(* Let $T$ be a spherically homogeneous rooted tree in which every vertex has at least $2$ children, and let $G\le\mathrm{Aut}~T$ be a weakly branch group admitting a finitely generated non-trivial normal subgroup $N$ of infinite index in $G$. Then $G$ does not have property $\mathrm{(LR)}$.
   Context: $\mathrm{Aut}~T$ is the group of automorphisms of $T$ fixing the root; $\mathcal{L}_n$ is the $n$th level; $T_v$ is the subtree of descendants of $v$. For $G\le\mathrm{Aut}~T$, $\mathrm{rist}_G(v)$ is the subgroup of elements of $G$ fixing every vertex outside $T_v$, and $\mathrm{Rist}_G(n)=\prod_{v\in\mathcal{L}_n}\mathrm{rist}_G(v)$. $G$ is weakly branch if it acts transitively on every level of $T$ and $\mathrm{Rist}_G(n)$ is infinite for every $n\ge1$. $H\le G$ is a virtual retract of $G$ if there is a finite-index $K\le G$ containing $H$ and a homomorphism $K\to H$ restricting to the identity on $H$; $G$ has $\mathrm{(LR)}$ if every finitely generated subgroup of $G$ is a virtual retract of $G$. *)

theory Defs
  imports "HOL-Algebra.Algebra"
begin

text \<open>Spherically homogeneous rooted tree with branching sequence m:
 the vertices of level n are the words v of length n with v!i < m i;
 the root is the empty word; u and w are adjacent iff one is obtained from the other
 by appending one letter.\<close>

definition level :: "(nat \<Rightarrow> nat) \<Rightarrow> nat \<Rightarrow> nat list set" where
  "level m n = {v. length v = n \<and> (\<forall>i<n. v ! i < m i)}"

definition verts :: "(nat \<Rightarrow> nat) \<Rightarrow> nat list set" where
  "verts m = (\<Union>n. level m n)"

definition adj :: "nat list \<Rightarrow> nat list \<Rightarrow> bool" where
  "adj u w \<longleftrightarrow> (\<exists>i. w = u @ [i]) \<or> (\<exists>i. u = w @ [i])"

text \<open>Automorphisms of the rooted tree fixing the root (extended by the identity
 outside the vertex set so that equality of functions is equality of automorphisms).\<close>

definition tree_auts :: "(nat \<Rightarrow> nat) \<Rightarrow> (nat list \<Rightarrow> nat list) set" where
  "tree_auts m = {f. bij_betw f (verts m) (verts m) \<and> f [] = []
      \<and> (\<forall>u\<in>verts m. \<forall>w\<in>verts m. adj u w \<longleftrightarrow> adj (f u) (f w))
      \<and> (\<forall>x. x \<notin> verts m \<longrightarrow> f x = x)}"

definition AutT :: "(nat \<Rightarrow> nat) \<Rightarrow> (nat list \<Rightarrow> nat list) monoid" where
  "AutT m = \<lparr>carrier = tree_auts m, monoid.mult = (\<lambda>f g. f \<circ> g), one = id\<rparr>"

definition subtree :: "(nat \<Rightarrow> nat) \<Rightarrow> nat list \<Rightarrow> nat list set" where
  "subtree m v = {x \<in> verts m. (\<exists>w. x = v @ w)}"

definition rist :: "(nat \<Rightarrow> nat) \<Rightarrow> (nat list \<Rightarrow> nat list) set \<Rightarrow> nat list \<Rightarrow> (nat list \<Rightarrow> nat list) set" where
  "rist m G v = {g \<in> G. \<forall>x \<in> verts m - subtree m v. g x = x}"

text \<open>Rist_G(n): the (internal direct) product of the rigid stabilisers of level n,
 i.e. the subgroup they generate.\<close>
definition Rist :: "(nat \<Rightarrow> nat) \<Rightarrow> (nat list \<Rightarrow> nat list) set \<Rightarrow> nat \<Rightarrow> (nat list \<Rightarrow> nat list) set" where
  "Rist m G n = generate (AutT m) (\<Union>v \<in> level m n. rist m G v)"

definition weakly_branch :: "(nat \<Rightarrow> nat) \<Rightarrow> (nat list \<Rightarrow> nat list) set \<Rightarrow> bool" where
  "weakly_branch m G \<longleftrightarrow>
     (\<forall>n. \<forall>u\<in>level m n. \<forall>w\<in>level m n. \<exists>g\<in>G. g u = w)
     \<and> (\<forall>n\<ge>1. infinite (Rist m G n))"

definition fin_gen_subgroup :: "('a, 'b) monoid_scheme \<Rightarrow> 'a set \<Rightarrow> bool" where
  "fin_gen_subgroup Gr H \<longleftrightarrow> (\<exists>S. finite S \<and> S \<subseteq> carrier Gr \<and> H = generate Gr S)"

definition virtual_retract :: "('a, 'b) monoid_scheme \<Rightarrow> 'a set \<Rightarrow> bool" where
  "virtual_retract Gr H \<longleftrightarrow> (\<exists>K. subgroup K Gr \<and> H \<subseteq> K \<and> finite (rcosets\<^bsub>Gr\<^esub> K)
      \<and> (\<exists>\<phi> \<in> hom (Gr\<lparr>carrier := K\<rparr>) (Gr\<lparr>carrier := H\<rparr>). \<forall>h\<in>H. \<phi> h = h))"

definition has_LR :: "('a, 'b) monoid_scheme \<Rightarrow> bool" where
  "has_LR Gr \<longleftrightarrow> (\<forall>H. subgroup H Gr \<and> fin_gen_subgroup Gr H \<longrightarrow> virtual_retract Gr H)"

end

theory Submission
  imports Defs
begin

text \<open>
  Suppose (LR) holds. Then N is a virtual retract: there are K \<supseteq> N of finite index and a
  retraction \<phi> : K \<rightarrow> N. As N has infinite index, K contains some l \<notin> N, and
  c = l \<phi>(l)\<inverse> is a nontrivial element of ker \<phi>. For n \<in> N the commutator [c, n] lies in N
  (normality) and in ker \<phi>, so it is trivial: c centralises N. (Finite generation of N is only
  needed to make N subject to (LR).)

  In a weakly branch group this is impossible. Let v be a vertex moved by c and by some g \<in> N
  (level transitivity and conjugation in N provide one). For 1 \<noteq> h \<in> rist(v) the commutator
  x = [g, h\<inverse>] lies in N, acts as h on T_v and trivially outside T_v \<union> T_(g v). Since c
  commutes with x it permutes the vertices moved by x; applying this to a vertex p of T_v moved
  by h shows c p \<in> T_(g v), hence c v = g v. Now the same statement for p and x in place of v
  and g gives c p = x p = h p \<in> T_v, contradicting c p \<in> T_(c v) with c v \<noteq> v.
\<close>

lemma (in group) retraction_kernel_commutes:
  assumes K: "subgroup K G" and N: "N \<lhd> G" "N \<subseteq> K"
    and \<phi>: "\<phi> \<in> hom (G\<lparr>carrier := K\<rparr>) (G\<lparr>carrier := N\<rparr>)" "\<And>h. h \<in> N \<Longrightarrow> \<phi> h = h"
    and c: "c \<in> K" "\<phi> c = \<one>" and n: "n \<in> N"
  shows "c \<otimes> n = n \<otimes> c"
proof -
  interpret N: normal N G by (rule N(1))
  interpret \<phi>: group_hom "G\<lparr>carrier := K\<rparr>" "G\<lparr>carrier := N\<rparr>" \<phi>
    using K N.subgroup_axioms \<phi>(1) is_group
    by (simp add: group_hom_def group_hom_axioms_def subgroup.subgroup_is_group)
  have nK: "n \<in> K" "inv n \<in> K" using n N(2) N.m_inv_closed by auto
  have cG: "c \<in> carrier G" using c(1) subgroup.subset[OF K] by blast
  have "\<phi> (inv c) = \<one>"
    using \<phi>.hom_inv[of c] c K N.subgroup_axioms by simp
  moreover have "\<phi> (inv n) = inv n" using \<phi>(2) n N.m_inv_closed by blast
  ultimately have "\<phi> (c \<otimes> n \<otimes> inv c \<otimes> inv n) = \<phi> c \<otimes> \<phi> n \<otimes> \<one> \<otimes> inv n"
    using c(1) nK subgroup.m_inv_closed[OF K] subgroup.m_closed[OF K] \<phi>.hom_mult by simp
  also have "\<dots> = \<one>" using c(2) \<phi>(2)[OF n] N.mem_carrier[OF n] by simp
  finally have "\<phi> (c \<otimes> n \<otimes> inv c \<otimes> inv n) = \<one>" .
  moreover have "c \<otimes> n \<otimes> inv c \<otimes> inv n \<in> N"
    using N.inv_op_closed2[OF cG n] N.m_inv_closed[OF n] N.m_closed by blast
  ultimately have "c \<otimes> n \<otimes> inv c \<otimes> inv n = \<one>" using \<phi>(2) by simp
  then show ?thesis using cG N.mem_carrier[OF n] by (simp add: inv_solve_right')
qed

PROBLEM DESCRIPTION
Beginning at the line above with "(\<forall>x. x \<notin>" and finishing at the line with "n = generate", return each line exactly and return nothing else.

EXERCISE OUTPUT
      \<and> (\<forall>x. x \<notin> verts m \<longrightarrow> f x = x)}"

definition AutT :: "(nat \<Rightarrow> nat) \<Rightarrow> (nat list \<Rightarrow> nat list) monoid" where
  "AutT m = \<lparr>carrier = tree_auts m, monoid.mult = (\<lambda>f g. f \<circ> g), one = id\<rparr>"

definition subtree :: "(nat \<Rightarrow> nat) \<Rightarrow> nat list \<Rightarrow> nat list set" where
  "subtree m v = {x \<in> verts m. (\<exists>w. x = v @ w)}"

definition rist :: "(nat \<Rightarrow> nat) \<Rightarrow> (nat list \<Rightarrow> nat list) set \<Rightarrow> nat list \<Rightarrow> (nat list \<Rightarrow> nat list) set" where
  "rist m G v = {g \<in> G. \<forall>x \<in> verts m - subtree m v. g x = x}"

text \<open>Rist_G(n): the (internal direct) product of the rigid stabilisers of level n,
 i.e. the subgroup they generate.\<close>
definition Rist :: "(nat \<Rightarrow> nat) \<Rightarrow> (nat list \<Rightarrow> nat list) set \<Rightarrow> nat \<Rightarrow> (nat list \<Rightarrow> nat list) set" where
  "Rist m G n = generate (AutT m) (\<Union>v \<in> level m n. rist m G v)"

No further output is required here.